Up to now, we have been working with the most standard type of form for \(\widehat{f}()\) which is a linear model. The estimated regression is simply a linear combination of the \(p\) input features, possibly including a constant term \(b_0\):

\[\begin{align*} \hat{y}_i &= b_0 + b_1 x_{i1} + b_2 x_{i2} + \dots + b_p x_{ip} \\ &= \mathbf{b^\mathsf{T} \vec{x}_i} \tag{19.4} \end{align*}\]

In vector-matrix notation, the vector of predictions is expressed as:

\[ \mathbf{\hat{y}} = \mathbf{Xb} \tag{19.5} \]

which we can graphically represent using a path diagram like the one shown below. Keep in mind that the terms \(\mathbf{x_0}, \dots, \mathbf{x_p}\) refer to predictors variables (assuming a constant term \(\mathbf{x_0} = \mathbf{1}\)):

Figure 19.1: Linear regression model in diagram form

While a linear regression model like the one above can be very useful—not to mention its importance for many other derived methods—and should be part of your machine learning toolbox, it’s far too limiting. Therefore, we need to discuss some of the ways in which the standard linear regression model can be enriched, and be made more flexible.

19.2 Expanding the Regression Horizon

There are several ways in which we can enrich and extend a linear regression model. Our objective is to expose you to an assortment of methods, and give you a taste of some interesting notions that are employed in more sophisticated approaches. Having said that, we will describe just a few of these methods. Trying to cover all possible extensions would require us to write a whole separate book.

To make the discussion more organized, we have decided to classify the covered approaches into two major classes that we are calling: (1) parametric models, and (2) nonparametric models.

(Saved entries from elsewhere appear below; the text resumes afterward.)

lemma rel_interior_parallel_ball:
  fixes A :: "'a::euclidean_space set"
  assumes "z \<in> rel_interior A"
  obtains L r where "subspace L" "r > 0" "\<And>a. a \<in> A \<Longrightarrow> a - z \<in> L"
    "\<And>l. l \<in> L \<Longrightarrow> norm l \<le> r \<Longrightarrow> z + l \<in> A"
proof -
  obtain r where zA: "z \<in> A" and r: "r > 0" "cball z r \<inter> affine hull A \<subseteq> A"
    using assms mem_rel_interior_cball by blast
  define L where "L = affine hull ((\<lambda>x. -z + x) ` A)"
  have "subspace L" unfolding L_def subspace_affine using zA by (auto intro!: hull_inc)
  moreover have "a - z \<in> L" if "a \<in> A" for a
    unfolding L_def using that by (intro hull_inc) (auto simp: image_iff)
  moreover have "z + l \<in> A" if "l \<in> L" "norm l \<le> r" for l
  proof -
    have "z + l \<in> affine hull A"
      using that(1) unfolding L_def affine_hull_translation by auto
    moreover have "z + l \<in> cball z r" using that(2) by (simp add: dist_norm)
    ultimately show ?thesis using r(2) by blast
  qed
  ultimately show ?thesis using r(1) that by blast
qed

lemma closest_point_orthogonal_offset:
  fixes S :: "'a::euclidean_space set"
  assumes "closed S" "convex S" "c \<in> S" "\<And>z. z \<in> S \<Longrightarrow> inner w (z - c) = 0"
  shows "closest_point S (c + w) = c"
proof -
  have "dist (c + w) c \<le> dist (c + w) z" if z: "z \<in> S" for z
  proof -
    have "inner (c - z) w = 0"
      using assms(4)[OF z] by (metis inner_commute inner_minus_left minus_diff_eq neg_equal_0_iff_equal)
    then have "(norm w)\<^sup>2 \<le> (norm ((c - z) + w))\<^sup>2"
      using norm_add_Pythagorean[of "c - z" w] by (simp add: orthogonal_def)
    then have "norm w \<le> norm ((c - z) + w)" by (rule power2_le_imp_le) simp
    then show ?thesis by (simp add: dist_norm algebra_simps)
  qed
  then show ?thesis using closest_point_unique[OF assms(2,1,3)] by auto
qed

(* Points of A \<inter> B shifted orthogonally to both sets are fixed by T:
   P_A (c + w) = c, R_A (c + w) = c - w and P_B (c - w) = c. *)
lemma DR_fixpoint_offset:
  fixes A B :: "'a::euclidean_space set"
  assumes "closed A" "convex A" "closed B" "convex B" "c \<in> A" "c \<in> B"
    and "\<And>z. z \<in> A \<Longrightarrow> inner w (z - c) = 0" "\<And>z. z \<in> B \<Longrightarrow> inner w (z - c) = 0"
  shows "c + w \<in> fixpoints (DR_op A B)"
proof -
  have pA: "proj A (c + w) = c"
    using closest_point_orthogonal_offset[OF assms(1,2,5)] assms(7) by blast
  have pB: "proj B (c - w) = c"
    using closest_point_orthogonal_offset[OF assms(3,4,6), of "- w"] assms(8) by simp
  have "refl A (c + w) = c - w" by (simp add: refl_def pA scaleR_2 algebra_simps)
  then show ?thesis by (simp add: fixpoints_def DR_op_def pA pB)
qed

(* Rescaling a nonzero vector of span (L \<union> M) to norm r / K yields parts of norm \<le> r;
   this is how the balls of radius r around z0 are reached. *)
lemma bounded_splitting_rescaled:
  assumes split: "bounded_splitting L M K" and K: "K > 0" and r: "r > 0"
    and v: "v \<in> span (L \<union> M)" "v \<noteq> 0"
  obtains l m where "l \<in> L" "m \<in> M" "(r / (K * norm v)) *\<^sub>R v = l - m" "norm l \<le> r" "norm m \<le> r"
proof -
  have "(r / (K * norm v)) *\<^sub>R v \<in> span (L \<union> M)" using v(1) by (rule span_scale)
  moreover have "K * norm ((r / (K * norm v)) *\<^sub>R v) = r" using K r v(2) by simp
  ultimately show ?thesis using split that unfolding bounded_splitting_def by metis
qed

At this point, we have two magic words that deserve some clarification: linear and (non)parametric:

When people talk about linear regression models, what do they exactly mean by “linear”?
When people talk about parametric -vs- nonparametric models, what do they mean by this? What kind of parameters are they referring to?

19.2.1 Linearity

The standard linear regression model:

\[ f(\mathbf{x_i}) = b_0 + b_1 x_{i1} + \dots + b_p x_{ip} + \varepsilon_i \tag{19.6} \]

is linear in two modes. On one hand, it is linear in the input variables \(X_1, \dots, X_p\). On the other hand, it is also linear in the parameters \(b_0, b_1, \dots, b_p\). As we said before, although a model like this is very friendly to work with, its double linearity may be fairly restrictive.

In the regression world, the most general type of linearity is the one that applies to the regression coefficients or parameters \(b_0, b_1, \dots, b_p\). Here’s an example of a model that is nonlinear with respect to the predictors, but it is linear with respect to the parameters:

\[ f(\mathbf{x_i}) = b_0 + b_1 x_{i1} + b_2 x_{i2} + b_3 x_{i1}^2 + b_4 x_{i2}^2 + \varepsilon_i \tag{19.7} \]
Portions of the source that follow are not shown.